I have emailed zero limits carbon about possibly setting up a group buy on the carbon fibre spoiler extensions they do!

They are currently £129 but hoping to get some discount

Any Takers?


----------



## Jamesc (May 23, 2010)

Depending on when it goes ahead and price id be interested


----------



## blues1143 (Oct 26, 2014)

It is looking to be a 10% discount code!

So bringing it down to around £116


----------



## Mark225TT (Nov 30, 2014)

Count me in!

Got a link or pics of the spoiler?


----------



## blues1143 (Oct 26, 2014)

http://www.zero-limits.co.uk/product/32610/audi

Looks really top notch quality! Pm me for the code!


----------



## NWDSdaz (Jun 10, 2013)

I'm definitely interested. Was planning on buying one in the near future anyway.


----------



## Wiggles01 (Jun 27, 2014)

Is this still going ahead?

If so I would lik on too

Wig


----------



## blues1143 (Oct 26, 2014)

For anyone wanting a sweet discount on these the code is: TTGB01

I happened to come across the perfect spoiler for me elsewhere.

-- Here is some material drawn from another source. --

(* Under the assumptions of the context, the linear program $\mathbf L_H^{\mathcal X,\infty,\mathcal T}$ has a finite optimal value $\Psi^{\mathcal X,\infty,\mathcal T}(a,\mathbf C)$, attained by an optimal solution. For every feasible point of $\mathbf L_H^{\mathcal X,\infty,\mathcal T}$, the semi-static strategy which holds, for each $n$, the claim paying $\bar e^1_n(X_{t_n})+\bar e^2_n(X_{t_n})$ at $t_n$, additionally holds the claim paying $\bar v_N(X_{t_N})$ at $t_N$, and holds $\tilde d^1_n(X_{t_n})$ shares over $[t_n,t_{n+1}]$ before exercise and $\tilde d^2_n(X_{t_n})$ shares from the exercise date on, super-replicates the American claim for all exercise dates in $\mathcal T$ and along all non-negative price paths; its cost is the objective value. Consequently \[ \inf_{\mathcal S^{\mathbb R^+,\mathcal T}(a)}H\le\Psi^{\mathcal X,\infty,\mathcal T}(a,\mathbf C). \]
   Context: Fix $N\ge1$, $J\ge1$, times $0=t_0<t_1<\dots<t_N=T$, $\mathcal T=\{t_1,\dots,t_N\}$, $s_0>0$, strikes $0=x_0<x_1<\dots<x_J$ (discounted prices, zero interest). Call prices $c_{j,n}$ (payoff $(X_{t_n}-x_j)^+$ at $t_n$, $c_{0,n}=s_0$) satisfy: $s_0=c_{0,n}>c_{1,n}>\dots>c_{J,n}>0$; $1>\frac{c_{0,n}-c_{1,n}}{x_1}>\frac{c_{1,n}-c_{2,n}}{x_2-x_1}>\dots>\frac{c_{J-1,n}-c_{J,n}}{x_J-x_{J-1}}>0$; $c_{j,n+1}>c_{j,n}$ for $1\le j\le J$, $1\le n\le N-1$. Let $\hat p_{0,n}=1-\frac{s_0-c_{1,n}}{x_1}$, $\hat p_{j,n}=\frac{c_{j-1,n}-c_{j,n}}{x_j-x_{j-1}}-\frac{c_{j,n}-c_{j+1,n}}{x_{j+1}-x_j}$ ($1\le j<J$), $\hat p_{J,n}=\frac{c_{J-1,n}-c_{J,n}}{x_J-x_{J-1}}$, $\hat p_{J+1,n}=c_{J,n}$. The payoff $a:[0,\infty)\times\mathcal T\to[0,\infty)$ is convex in its first argument with $\ell_n:=\lim_{x\uparrow\infty}a(x,t_n)/x<R<\infty$. $\mathbf L_H^{\mathcal X,\infty,\mathcal T}$: over reals $e^1_{j,n},e^2_{j,n},v_{j,n}$ ($0\le j\le J+1$, $1\le n\le N$), $d^1_{j,n},d^2_{j,n}$ ($1\le n\le N-1$), with $e^1_{j,N}=e^2_{j,1}=0$, minimise $\sum_n\sum_{j=0}^{J+1}(e^1_{j,n}+e^2_{j,n})\hat p_{j,n}+\sum_{j=0}^{J+1}v_{j,N}\hat p_{j,N}$ subject to $v_{j,n}\ge0$ and: (i) $v_{j,n}\ge a(x_j,t_n)$ ($0\le j\le J$), $v_{J+1,n}\ge\ell_n$; (ii) $e^1_{j,n}+e^2_{k,n+1}+(x_k-x_j)d^1_{j,n}\ge0$ ($0\le j,k\le J$), $e^1_{J+1,n}-d^1_{J+1,n}\ge0$, $e^2_{J+1,n+1}+d^1_{j,n}\ge0$ ($0\le j\le J$), $e^1_{J+1,n}+e^2_{J+1,n+1}\ge0$; (iii) $e^1_{j,n}+e^2_{k,n+1}+(x_k-x_j)d^2_{j,n}-v_{j,n}+v_{k,n+1}\ge0$ ($0\le j,k\le J$), $e^1_{J+1,n}-d^2_{J+1,n}-v_{J+1,n}\ge0$, $e^2_{J+1,n+1}+d^2_{j,n}+v_{J+1,n+1}\ge0$ ($0\le j\le J$), $e^1_{J+1,n}+e^2_{J+1,n+1}-v_{J+1,n}+v_{J+1,n+1}\ge0$ (with $1\le n\le N$ in (i), $1\le n\le N-1$ in (ii),(iii)). Extended linear interpolation of $(h_0,\dots,h_{J+1})$: $\bar h(x)=\frac{x_{j+1}-x}{x_{j+1}-x_j}h_j+\frac{x-x_j}{x_{j+1}-x_j}h_{j+1}$ on $[x_j,x_{j+1}]$, $j<J$, and $\bar h(x)=h_J+(x-x_J)h_{J+1}$ for $x\ge x_J$; the claim paying $\bar h(X_{t_n})$ at $t_n$ is a portfolio of bond, stock and calls of maturity $t_n$. Mixed interpolation: with $u^1_{j,n}=\frac{e^1_{j+1,n}-e^1_{j,n}}{x_{j+1}-x_j}$, $u^2_{j,n}=\frac{(e^1_{j+1,n}-v_{j+1,n})-(e^1_{j,n}-v_{j,n})}{x_{j+1}-x_j}$: $\tilde d^\delta_n(x_j)=d^\delta_{j,n}$; on $(x_j,x_{j+1})$, $\tilde d^\delta_n=d^\delta_{j,n}$ if $d^\delta_{j,n}\le u^\delta_{j,n}$, $=d^\delta_{j+1,n}$ if $d^\delta_{j,n}>u^\delta_{j,n}\le d^\delta_{j+1,n}$, $=u^\delta_{j,n}$ if $d^\delta_{j+1,n}<u^\delta_{j,n}<d^\delta_{j,n}$; for $x>x_J$, $\tilde d^1_n(x)=\min\{d^1_{J,n},e^1_{J+1,n}\}$, $\tilde d^2_n(x)=\min\{d^2_{J,n},e^1_{J+1,n}-v_{J+1,n}\}$. $\mathcal S^{\mathbb R^+,\mathcal T}(a)$: semi-static strategies (static portfolio of bonds, stock and traded calls with cost $H$ computed from the call prices; bounded stock holdings at times $t_n$, $1\le n\le N-1$, depending on the path so far and, after exercise, on the exercise time) whose terminal payoff is $\ge a(x_\rho,\rho)$ for all paths in $[0,\infty)^N$ and all exercise times $\rho\in\mathcal T$. *)

theory Defs
  imports "HOL-Analysis.Analysis"
begin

Pics up by the end of the week...


----------



## Ludford (Feb 6, 2016)

Anyone got one of these fitted they could post a picture of?

Do you just push it on with some glue?


----------



## davyrest (Aug 3, 2005)

is this deal still on ?????


----------



## Danman87 (Apr 10, 2017)

I want!


----------



## RYTT225 (Sep 17, 2017)

Apologies guys, is this still available?

I see it was setup back in 2015, so not wure if still available.

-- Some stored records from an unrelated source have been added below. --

(* Let $\mu\in\mathcal{M}^+(\mathbb{R}^d)$ be compactly supported and let $V$ be a measure vector field satisfying (V1). Then for $N$ sufficiently large, $$\|\mu-\mathcal{A}_N^x(\mu)\|_{BL^*}\le\sqrt d\,\Delta_N^2\|\mu\|_{BL^*},\qquad \|V[\mu]-\mathcal{A}_N^v(V[\mu])\|_{BL^*}\le 2\sqrt d\,\Delta_N\|\mu\|_{BL^*}.$$
   Context: A measure vector field is a map $V:\mathcal{M}^+(\mathbb{R}^d)\to\mathcal{M}^+(\mathbb{R}^d\times\mathbb{R}^d)$ ($\mathcal{M}^+$: finite nonnegative Borel measures) with $\pi_1^{\#}V[\mu]=\mu$, $\pi_1(x,v)=x$; (V1): there is $C_S>0$ with $\sup_{(x,v)\in\operatorname{supp}V[\mu]}|v|\le C_S(1+\sup_{(x,v)\in\operatorname{supp}V[\mu]}|x|)$. $\|f\|_{BL}=\max(\sup|f|,\operatorname{Lip}(f))$, $\|\mu\|_{BL^*}=\sup\{\int\psi\,d\mu:\|\psi\|_{BL}\le1\}$ (on $\mathbb{R}^d$ or $\mathbb{R}^{2d}$). For $N\in\mathbb{N}$ let $\Delta_N=1/N$; let $x_1,\dots,x_I$ enumerate $(N^{-2}\mathbb{Z}^d)\cap[-N,N]^d$ and $v_1,\dots,v_J$ enumerate $(N^{-1}\mathbb{Z}^d)\cap[-N,N]^d$; set $Q_i=x_i+[0,\Delta_N^2)^d$, $Q'_j=v_j+[0,\Delta_N)^d$. Define $\mathcal{A}_N^x(\mu)=\sum_{i=1}^I\mu(Q_i)\delta_{x_i}$ and, for $W\in\mathcal{M}^+(\mathbb{R}^d\times\mathbb{R}^d)$, $\mathcal{A}_N^v(W)=\sum_{i=1}^I\sum_{j=1}^J W(Q_i\times Q'_j)\delta_{(x_i,v_j)}$. *)

theory Defs
  imports "HOL-Analysis.Analysis"
begin
(* Let $\mathbb X,\mathbb Y$ be Euclidean spaces, $g\colon\mathbb X\to\mathbb Y$ continuous, $D\subset\mathbb Y$ closed, $\Phi(x):=g(x)-D$, $(\bar x,0)\in\operatorname{gph}\Phi$, $u\in\mathbb S_{\mathbb X}$, and assume $g$ is calm in direction $u$ at $\bar x$. Let $\mathcal E=\{e_1,\dots,e_m\}$ be an orthonormal basis of $\mathbb Y$. Consider condition (N): there do not exist $v\in\mathbb Y$ and a nonzero $\lambda\in\mathcal N_D(g(\bar x);v)$ with $0\in D^*g(\bar x;(u,v))(\lambda)$ for which there are sequences $x_k\in\mathbb X$ with $x_k\ne\bar x$, $z_k\in D$, $\lambda_k\in\mathbb Y$, $\eta_k\in\mathbb X$ satisfying $x_k\to\bar x$, $z_k\to g(\bar x)$, $\lambda_k\to\lambda$, $\eta_k\to0$, $\frac{x_k-\bar x}{\|x_k-\bar x\|}\to u$, $\frac{z_k-g(\bar x)}{\|x_k-\bar x\|}\to v$, $\frac{g(x_k)-g(\bar x)}{\|x_k-\bar x\|}\to v$, and for all $k$ and $i$: $\eta_k\in\widehat D^*g(x_k)(\lambda_k)$, $\lambda_k\in\widehat{\mathcal N}_D(z_k)$, and $\langle\lambda,e_i\rangle\langle g(x_k)-z_k,e_i\rangle>0$ whenever $\langle\lambda,e_i\rangle\ne0$. If (N) holds, then $\Phi$ is quasi-normal in direction $u$ at $(\bar x,0)$ w.r.t. $\mathcal E$. Moreover, if $g$ is calm at every point near $\bar x$, then (N) is equivalent to quasi-normality of $\Phi$ in direction $u$ at $(\bar x,0)$ w.r.t. $\mathcal E$.
   Context: $g$ is calm at $x$ in direction $u$ if there are $\varepsilon,\delta,L>0$ with $\|g(x')-g(x)\|\le L\|x'-x\|$ for all $x'\in x+\mathbb B_{\varepsilon,\delta}(u)$, where $\mathbb B_{\varepsilon,\delta}(u)=\{w\mid\|\|w\|u-\|u\|w\|\le\delta\|u\|\|w\|,\ \|w\|\le\varepsilon\}$; calm at $x$ means this with $u=0$. $\widehat{\mathcal N}$ is the regular normal cone, $\mathcal N_Q(z;w)$ the directional limiting normal cone (all $\eta$ with $w_k\to w$, $t_k\downarrow0$, $\eta_k\to\eta$, $\eta_k\in\widehat{\mathcal N}_Q(z+t_kw_k)$). For single-valued $g$: $\widehat D^*g(x)(\lambda)=\{x^*\mid(x^*,-\lambda)\in\widehat{\mathcal N}_{\operatorname{gph}g}(x,g(x))\}$ and $D^*g(\bar x;(u,v))(\lambda)=\{x^*\mid(x^*,-\lambda)\in\mathcal N_{\operatorname{gph}g}((\bar x,g(\bar x));(u,v))\}$; for set-valued $\Phi$, $\widehat D^*\Phi$ and $D^*\Phi((\bar x,\bar y);(u,v))$ are defined analogously with $\operatorname{gph}\Phi$. Quasi-normality in direction $u$ at $(\bar x,0)$ w.r.t. $\mathcal E$: there is no nonzero $\lambda$ with $0\in D^*\Phi((\bar x,0);(u,0))(\lambda)$ for which there exist $(x_k,y_k)\in\operatorname{gph}\Phi$ with $x_k\ne\bar x$, $\lambda_k$, $\eta_k$ with $x_k\to\bar x$, $y_k\to0$, $\lambda_k\to\lambda$, $\eta_k\to0$, $\frac{x_k-\bar x}{\|x_k-\bar x\|}\to u$, $\frac{y_k}{\|x_k-\bar x\|}\to0$, and for all $k,i$: $\eta_k\in\widehat D^*\Phi(x_k,y_k)(\lambda_k)$ and $\langle\lambda,e_i\rangle\langle y_k,e_i\rangle>0$ whenever $\langle\lambda,e_i\rangle\ne0$. *)

theory Defs
  imports "HOL-Analysis.Analysis"
begin

definition regular_normal :: "'a::euclidean_space set \<Rightarrow> 'a \<Rightarrow> 'a set" where
  "regular_normal Q z = {\<eta>. z \<in> Q \<and>
     (\<forall>\<epsilon>>0. \<exists>\<delta>>0. \<forall>z'\<in>Q. norm (z' - z) < \<delta> \<longrightarrow> \<eta> \<bullet> (z' - z) \<le> \<epsilon> * norm (z' - z))}"

definition dir_normal :: "'a::euclidean_space set \<Rightarrow> 'a \<Rightarrow> 'a \<Rightarrow> 'a set" where
  "dir_normal Q z w = {\<eta>. \<exists>(t::nat \<Rightarrow> real) wk \<eta>k.
     (\<forall>k. t k > 0) \<and> t \<longlonglongrightarrow> 0 \<and> wk \<longlonglongrightarrow> w \<and> \<eta>k \<longlonglongrightarrow> \<eta> \<and>
     (\<forall>k. \<eta>k k \<in> regular_normal Q (z + t k *\<^sub>R wk k))}"

definition graph_fun :: "('a \<Rightarrow> 'b) \<Rightarrow> ('a \<times> 'b) set" where
  "graph_fun g = {(x, g x) | x. True}"

definition graph_mult :: "('a \<Rightarrow> 'b set) \<Rightarrow> ('a \<times> 'b) set" where
  "graph_mult \<Phi> = {(x, y). y \<in> \<Phi> x}"

definition reg_coderiv_fun :: "('a::euclidean_space \<Rightarrow> 'b::euclidean_space) \<Rightarrow> 'a \<Rightarrow> 'b \<Rightarrow> 'a set" where
  "reg_coderiv_fun g x lam = {xs. (xs, - lam) \<in> regular_normal (graph_fun g) (x, g x)}"

definition dir_coderiv_fun :: "('a::euclidean_space \<Rightarrow> 'b::euclidean_space) \<Rightarrow> 'a \<Rightarrow> 'a \<times> 'b \<Rightarrow> 'b \<Rightarrow> 'a set" where
  "dir_coderiv_fun g x uv lam = {xs. (xs, - lam) \<in> dir_normal (graph_fun g) (x, g x) uv}"

definition reg_coderiv_mult :: "('a::euclidean_space \<Rightarrow> 'b::euclidean_space set) \<Rightarrow> 'a \<Rightarrow> 'b \<Rightarrow> 'b \<Rightarrow> 'a set" where
  "reg_coderiv_mult \<Phi> x y lam = {xs. (xs, - lam) \<in> regular_normal (graph_mult \<Phi>) (x, y)}"

definition dir_coderiv_mult :: "('a::euclidean_space \<Rightarrow> 'b::euclidean_space set) \<Rightarrow> 'a \<times> 'b \<Rightarrow> 'a \<times> 'b \<Rightarrow> 'b \<Rightarrow> 'a set" where
  "dir_coderiv_mult \<Phi> xy uv lam = {xs. (xs, - lam) \<in> dir_normal (graph_mult \<Phi>) xy uv}"

definition dir_nbhd :: "real \<Rightarrow> real \<Rightarrow> 'a::real_normed_vector \<Rightarrow> 'a set" where
  "dir_nbhd \<epsilon> \<delta> u = {w. norm (norm w *\<^sub>R u - norm u *\<^sub>R w) \<le> \<delta> * norm u * norm w \<and> norm w \<le> \<epsilon>}"

definition calm_dir :: "('a::real_normed_vector \<Rightarrow> 'b::real_normed_vector) \<Rightarrow> 'a \<Rightarrow> 'a \<Rightarrow> bool" where
  "calm_dir g x u \<longleftrightarrow> (\<exists>\<epsilon>>0. \<exists>\<delta>>0. \<exists>L>0. \<forall>w\<in>dir_nbhd \<epsilon> \<delta> u.
      norm (g (x + w) - g x) \<le> L * norm w)"

definition calm :: "('a::real_normed_vector \<Rightarrow> 'b::real_normed_vector) \<Rightarrow> 'a \<Rightarrow> bool" where
  "calm g x \<longleftrightarrow> calm_dir g x 0"

definition orthonormal_basis :: "'a::euclidean_space set \<Rightarrow> bool" where
  "orthonormal_basis E \<longleftrightarrow> pairwise orthogonal E \<and> (\<forall>e\<in>E. norm e = 1) \<and> span E = UNIV"

definition quasi_normal_dir :: "('a::euclidean_space \<Rightarrow> 'b::euclidean_space set) \<Rightarrow> 'a \<Rightarrow> 'a \<Rightarrow> 'b set \<Rightarrow> bool" where
  "quasi_normal_dir \<Phi> xb u E \<longleftrightarrow> \<not> (\<exists>lam. lam \<noteq> 0 \<and> 0 \<in> dir_coderiv_mult \<Phi> (xb, 0) (u, 0) lam \<and>
     (\<exists>(xk::nat \<Rightarrow> 'a) (yk::nat \<Rightarrow> 'b) lamk \<eta>k.
        (\<forall>k. (xk k, yk k) \<in> graph_mult \<Phi> \<and> xk k \<noteq> xb) \<and>
        xk \<longlonglongrightarrow> xb \<and> yk \<longlonglongrightarrow> 0 \<and> lamk \<longlonglongrightarrow> lam \<and> \<eta>k \<longlonglongrightarrow> 0 \<and>
        (\<lambda>k. (xk k - xb) /\<^sub>R norm (xk k - xb)) \<longlonglongrightarrow> u \<and>
        (\<lambda>k. yk k /\<^sub>R norm (xk k - xb)) \<longlonglongrightarrow> 0 \<and>
        (\<forall>k. \<eta>k k \<in> reg_coderiv_mult \<Phi> (xk k) (yk k) (lamk k) \<and>
           (\<forall>e\<in>E. lam \<bullet> e \<noteq> 0 \<longrightarrow> (lam \<bullet> e) * (yk k \<bullet> e) > 0))))"

definition condition_N :: "('a::euclidean_space \<Rightarrow> 'b::euclidean_space) \<Rightarrow> 'b set \<Rightarrow> 'a \<Rightarrow> 'a \<Rightarrow> 'b set \<Rightarrow> bool" where
  "condition_N g D xb u E \<longleftrightarrow> \<not> (\<exists>v lam. lam \<noteq> 0 \<and> lam \<in> dir_normal D (g xb) v \<and>
     0 \<in> dir_coderiv_fun g xb (u, v) lam \<and>
     (\<exists>(xk::nat \<Rightarrow> 'a) (zk::nat \<Rightarrow> 'b) lamk \<eta>k.
        (\<forall>k. xk k \<noteq> xb \<and> zk k \<in> D) \<and>
        xk \<longlonglongrightarrow> xb \<and> zk \<longlonglongrightarrow> g xb \<and> lamk \<longlonglongrightarrow> lam \<and> \<eta>k \<longlonglongrightarrow> 0 \<and>
        (\<lambda>k. (xk k - xb) /\<^sub>R norm (xk k - xb)) \<longlonglongrightarrow> u \<and>
        (\<lambda>k. (zk k - g xb) /\<^sub>R norm (xk k - xb)) \<longlonglongrightarrow> v \<and>
        (\<lambda>k. (g (xk k) - g xb) /\<^sub>R norm (xk k - xb)) \<longlonglongrightarrow> v \<and>
        (\<forall>k. \<eta>k k \<in> reg_coderiv_fun g (xk k) (lamk k) \<and> lamk k \<in> regular_normal D (zk k) \<and>
           (\<forall>e\<in>E. lam \<bullet> e \<noteq> 0 \<longrightarrow> (lam \<bullet> e) * ((g (xk k) - zk k) \<bullet> e) > 0))))"

end

theory Submission
  imports Defs
begin

text \<open>
  With \<open>z\<^sub>k = g x\<^sub>k - y\<^sub>k\<close> the sequences violating quasi-normality of
  \<open>\<Phi> = g - D\<close> and those violating condition (N) correspond to each other. A regular
  normal \<open>(\<eta>, -\<lambda>)\<close> to \<open>gph \<Phi>\<close> at \<open>(x, g x - z)\<close> is a regular normal to \<open>gph g\<close>
  at \<open>(x, g x)\<close> with \<open>\<lambda>\<close> a regular normal to \<open>D\<close> at \<open>z\<close>, since both sets embed
  isometrically into \<open>gph \<Phi>\<close>; the converse holds where \<open>g\<close> is calm, because then both
  components of an increment in \<open>gph \<Phi>\<close> are controlled by the increment itself.
  The direction \<open>v\<close> required by (N) is a limit point of the difference quotients
  \<open>(g x\<^sub>k - g x\<^sub>b) / \<parallel>x\<^sub>k - x\<^sub>b\<parallel>\<close>, which directional calmness keeps bounded.
\<close>

lemma regular_normalD:
  assumes "\<eta> \<in> regular_normal Q z" and "\<epsilon> > 0"
  obtains \<delta> where "\<delta> > 0"
    and "\<And>z'. z' \<in> Q \<Longrightarrow> norm (z' - z) < \<delta> \<Longrightarrow> \<eta> \<bullet> (z' - z) \<le> \<epsilon> * norm (z' - z)"
  using assms unfolding regular_normal_def by blast

lemma regular_normal_pullback:
  fixes f :: "'a::euclidean_space \<Rightarrow> 'b::euclidean_space"
  assumes \<eta>: "\<eta> \<in> regular_normal S (f z)" and z: "z \<in> Q" and fQ: "f ` Q \<subseteq> S"
    and C: "C > 0" and lipschitz: "\<And>w. w \<in> Q \<Longrightarrow> norm (f w - f z) \<le> C * norm (w - z)"
    and inner: "\<And>w. w \<in> Q \<Longrightarrow> \<eta> \<bullet> (f w - f z) = \<xi> \<bullet> (w - z)"
  shows "\<xi> \<in> regular_normal Q z"
proof -
  have "\<exists>\<delta>>0. \<forall>w\<in>Q. norm (w - z) < \<delta> \<longrightarrow> \<xi> \<bullet> (w - z) \<le> \<epsilon> * norm (w - z)"
    if "\<epsilon> > 0" for \<epsilon>
  proof -
    obtain \<delta> where "\<delta> > 0"
      and \<delta>: "\<And>s. s \<in> S \<Longrightarrow> norm (s - f z) < \<delta> \<Longrightarrow> \<eta> \<bullet> (s - f z) \<le> \<epsilon> / C * norm (s - f z)"
      using regular_normalD[OF \<eta>, of "\<epsilon> / C"] \<open>\<epsilon> > 0\<close> C by auto
    show ?thesis
    proof (intro exI[of _ "\<delta> / C"] conjI ballI impI)
      fix w assume w: "w \<in> Q" "norm (w - z) < \<delta> / C"
      have "norm (f w - f z) < \<delta>"
        using lipschitz[OF w(1)] w(2) C by (simp add: field_simps)
      moreover have "f w \<in> S"
        using fQ w(1) by blast
      ultimately have "\<eta> \<bullet> (f w - f z) \<le> \<epsilon> / C * norm (f w - f z)"
        using \<delta> by blast
      then have "\<xi> \<bullet> (w - z) \<le> \<epsilon> / C * norm (f w - f z)"
        using inner[OF w(1)] by simp
      also have "\<dots> \<le> \<epsilon> / C * (C * norm (w - z))"
        using lipschitz[OF w(1)] \<open>\<epsilon> > 0\<close> C by (intro mult_left_mono) auto
      finally show "\<xi> \<bullet> (w - z) \<le> \<epsilon> * norm (w - z)"
        using C by simp
    qed (use \<open>\<delta> > 0\<close> C in simp)
  qed
  then show ?thesis
    using z unfolding regular_normal_def by blast
qed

Also, has anyone got a picture of it fitted?

Cheers


----------



## Jamesc (May 23, 2010)

I ordered one with the discount in may time this year. Great fit etc just took a while to come. Check my build thread below for photos


----------



## Becci_evans (Jul 14, 2017)

Is this still active?


----------



## Sharna14 (Dec 31, 2017)

I ordered one yesterday with the code and it works.

They said it's 8-10 weeks to wait though


----------



## RYTT225 (Sep 17, 2017)

Jamesc said:


> I ordered one with the discount in may time this year. Great fit etc just took a while to come. Check my build thread below for photos


Okay cool - will look into getting this sorted!



Sharna14 said:


> I ordered one yesterday with the code and it works.
> 
> They said it's 8-10 weeks to wait though


Perfect.


----------



## Bimjob (Apr 22, 2018)

Does anyone have a picture of one fitted?


----------